If you planted a few grape vines in your backyard today, you would have wine-ready grapes three years from now. And the really, really good fruit comes from “old vines” — a long time down the road. Plant now, drink later.
The same goes for your donor file. A donor’s “vintage” becomes more and more valuable the longer their giving history is with you. They become more invested in you and your cause, their loyalty strengthens, and their giving level increases. But, unlike grape vines, not all donors take root initially. About one-third of the donors you acquire (plant) will give again the next year. And, of that group, maybe two-thirds will give in their third year. Each year after that, their roots are solid and they are likely to keep giving. But all donors do stop over time. And when an “old vine” valuable donor is lost, it takes many “new” donors to replace her. You can’t wait until that loss hits to kick in and do more planting through acquisition. Remember: It takes new donors several years to bear real fruit.
Planting and cultivating must happen continually. If you skip the planting, you’ll save yourself some investment today … but then suffer some dry years ahead.
Maybe you can relate to a conversation like this in annual budgeting time:
Board members: “This income line from direct mail looks great, but why does it cost so much?”
Executive Director: “A big portion of the expense is for new donor acquisition.”
Board members: “We’ve been acquiring new donors for years — we should be able to take a break at this point. Cut it in half for now until we get through some of these other investments we need to make.”
So, how do you quantify the long-term impact of a possible acquisition budget cut in a way that informs decision making?
We use a scenario-building tool as part of our Donor Health Index.
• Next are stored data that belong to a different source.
fun uproj :: "lgame \<Rightarrow> smap \<Rightarrow> game" where
  "uproj (LAssignAny a x) S = Seq (AssignDemon x) (Assert (S End))"
| "uproj (LODE a xs q) S = Seq (ODED xs q) (Assert (S End))"
| "uproj (LChoice a g d) S =
     DChoice (Seq (Assert (S (L (root g)))) (uproj g S))
             (Seq (Assert (S (L (root d)))) (uproj d S))"
| "uproj (LStar a g) S =
     Seq (Cross (Seq (Assert (S (L (root g)))) (uproj g (S(End := S (L a)))))) (Assert (S End))"
| "uproj (LSeq a g d) S = Seq (uproj g (S(End := S (L (root d))))) (uproj d S)"
| "uproj (LDChoice a g d) S = DChoice (uproj g S) (uproj d S)"
| "uproj (LCross a g) S = Cross (uproj g (S(End := S (L a))))"
| "uproj (LAssign a x e) S = Assign x e"
| "uproj (LAssignDemon a x) S = AssignDemon x"
| "uproj (LTest a q) S = Test q"
| "uproj (LAssert a q) S = Assert q"
| "uproj (LODED a xs q) S = ODED xs q"

fun subval :: "smap \<Rightarrow> lgame \<Rightarrow> bool" where
  "subval S (LChoice a g d) \<longleftrightarrow>
     valid (FImp (S (L a)) (FOr (S (L (root g))) (S (L (root d))))) \<and> subval S g \<and> subval S d"
| "subval S (LDChoice a g d) \<longleftrightarrow>
     valid (FImp (S (L a)) (FAnd (S (L (root g))) (S (L (root d))))) \<and> subval S g \<and> subval S d"
| "subval S (LSeq a g d) \<longleftrightarrow>
     valid (FImp (S (L a)) (S (L (root g)))) \<and>
     subval (S(End := S (L (root d)))) g \<and> subval S d"
| "subval S (LStar a g) \<longleftrightarrow>
     valid (FImp (S (L a)) (Dia (eproj (LStar a g) S) (S End))) \<and>
     subval (S(End := S (L a))) g"
| "subval S (LCross a g) \<longleftrightarrow>
     valid (FImp (S (L a)) (FAnd (S (L (root g))) (S End))) \<and>
     subval (S(End := S (L a))) g"
| "subval S g \<longleftrightarrow> valid (FImp (S (L (root g))) (Dia (erase g) (S End)))"

end

theory Submission
  imports Defs
begin

text \<open>Induct on the game, generalising the postcondition \<open>\<phi>\<close> to an arbitrary
  set of states containing \<open>S(end)\<close>.  Wherever Angel chose, the universal projection hands
  the choice to Demon but guards it by an assertion of the subvalue Angel would have
  guaranteed, so Demon either preserves the subvalues or loses.  For both kinds of
  repetition \<open>S(a)\<close> is a greatest-fixed-point invariant, by the induction hypothesis for
  the loop body with \<open>end \<mapsto> S(a)\<close>.\<close>

lemma valid_FImp_iff: "valid (FImp p q) \<longleftrightarrow> fsem p \<subseteq> fsem q"
  by (auto simp: valid_def)

lemma gsem_mono: "X \<subseteq> Y \<Longrightarrow> gsem a X \<subseteq> gsem a Y"
proof (induction a arbitrary: X Y)
  case (Star a)
  from Star.prems have "\<And>Z. X \<union> gsem a Z \<subseteq> Y \<union> gsem a Z" by blast
  then show ?case by (simp add: lfp_mono)
next
  case (Cross a)
  from Cross.prems have "\<And>Z. X \<inter> gsem a Z \<subseteq> Y \<inter> gsem a Z" by blast
  then show ?case by (simp add: gfp_mono)
next
  case (Seq a b)
  then show ?case by simp
next
  case (Choice a b)
  then show ?case by (simp only: gsem.simps) (intro Un_mono; blast)
next
  case (DChoice a b)
  then show ?case by (simp only: gsem.simps) (intro Int_mono; blast)
qed (force simp: subset_iff)+

lemma subval_uproj_sound:
  assumes "subval S \<alpha>" and "fsem (S End) \<subseteq> X"
  shows "fsem (S (L (root \<alpha>))) \<subseteq> gsem (uproj \<alpha> S) X"
  using assms
proof (induction \<alpha> arbitrary: S X)
  case (LODED a xs q)
  then show ?case
    using gsem_mono[of "fsem (S End)" X "ODED xs q"] by (auto simp: valid_FImp_iff)
next
  case (LSeq a g d)
  let ?S' = "S(End := S (L (root d)))"
  have "subval ?S' g"
    using LSeq.prems by simp
  moreover have "fsem (?S' End) \<subseteq> gsem (uproj d S) X"
    using LSeq by simp
  ultimately have "fsem (?S' (L (root g))) \<subseteq> gsem (uproj g ?S') (gsem (uproj d S) X)"
    by (rule LSeq.IH(1))
  then show ?case
    using LSeq.prems by (auto simp: valid_FImp_iff)
next
  case (LChoice a g d)
  then have "fsem (S (L (root g))) \<subseteq> gsem (uproj g S) X"
    and "fsem (S (L (root d))) \<subseteq> gsem (uproj d S) X"
    by simp_all
  then show ?case by auto
next
  case (LDChoice a g d)
  then have "fsem (S (L (root g))) \<subseteq> gsem (uproj g S) X"
    and "fsem (S (L (root d))) \<subseteq> gsem (uproj d S) X"
    by simp_all
  then show ?case
    using LDChoice.prems by (auto simp: valid_FImp_iff)
next
  case (LStar a g)
  let ?S' = "S(End := S (L a))"
  let ?body = "Seq (Assert (S (L (root g)))) (uproj g ?S')"
  have "subval ?S' g"
    using LStar.prems by simp
  then have "fsem (?S' (L (root g))) \<subseteq> gsem (uproj g ?S') (fsem (S (L a)))"
    by (rule LStar.IH) simp
  then have "fsem (S (L a)) \<subseteq> gsem ?body (fsem (S (L a)))"
    by auto
  then have "fsem (S (L a)) \<subseteq> gfp (\<lambda>Z. UNIV \<inter> gsem ?body Z)"
    by (simp add: gfp_upperbound)
  txt \<open>The exit assertion \<open>!S(end)\<close> never fails Demon since \<open>S(end) \<subseteq> X\<close>.\<close>
  moreover have "- fsem (S End) \<union> X = UNIV"
    using LStar.prems(2) by blast
  ultimately show ?case by simp
next
  case (LCross a g)
  let ?S' = "S(End := S (L a))"
  have "subval ?S' g"
    using LCross.prems by simp
  then have "fsem (?S' (L (root g))) \<subseteq> gsem (uproj g ?S') (fsem (S (L a)))"
    by (rule LCross.IH) simp
  then have "fsem (S (L a)) \<subseteq> X \<inter> gsem (uproj g ?S') (fsem (S (L a)))"
    using LCross.prems by (auto simp: valid_FImp_iff)
  then show ?case by (simp add: gfp_upperbound)
qed (auto simp: valid_FImp_iff)

theorem mainTheorem10:
  fixes \<alpha> :: lgame and S :: smap and \<phi> :: fml
  assumes "distinct (nodes \<alpha>)"
    and "subval S \<alpha>"
    and "valid (FImp (S End) \<phi>)"
  shows "\<forall>w. w \<in> fsem (S (L (root \<alpha>))) \<longrightarrow> w \<in> fsem (Dia (uproj \<alpha> S) \<phi>)"
  using subval_uproj_sound[OF assms(2)] assms(3) by (auto simp: valid_FImp_iff)

end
Here’s an example, using that tool:
For the “Continuation” scenario, we assume that this client continues doing the same amount of new donor acquisition and all retention metrics in the most recent full fiscal year hold the same for future years.
For the “Budget Cut” scenario, we hold retention metrics the same, as well … BUT we cut the amount of new donor acquisition investment by 60%.
Net revenue increases with the Budget Cut scenario in the first two years since they are spending less and their previously “planted” donors are bearing fruit.
Then, it changes. In the third year, they get to the point where the reduced number of new donors has led to fewer multi-year donors. They’re not covering their donor losses with donor wins, and revenue begins a steady descent. (Check out the 3 Steps to Growth Planning.)
New donors provide revenue for a long time. This is the same client, which shows the annual revenue from the new donors they acquired before 2014. Many of the donors acquired long ago are still donating — nearly a million dollars in 2018. If they had cut acquisition 10 years ago, they would be missing that revenue today.
Here are the 5 steps to do this on your own and make your case for donor acquisition:
- In your donor database, isolate donors who gave their first gift to your 2013 acquisition campaign appeal codes.
- Then, sum all gifts from those donors in total, from their first gift through December 31, 2018.
- Divide that total revenue given by the number of donors who were initially acquired. That is the 5-Year Long Term Value of your new donors. (Note: By doing this, you are factoring in that not all donors are still giving.)
- Estimate some scenarios of your own, knowing that you can deduct that per-donor-value for each new donor you will not acquire if you cut your acquisition investment. A 50% cut is roughly 50% fewer donors acquired.
- If you cut $50,000 from your acquisition budget, acquire 1,000 fewer new donors, and each donor is worth $200 over the next five years, then you just lost $200,000 of cumulative revenue in the coming five years — all due to your $50,000 cut.
Once a decision is made to cut acquisition, the only way to turn it around is to restart the planting process right away. But remember, it will be years before there’s a replenishment of fruit to toast to!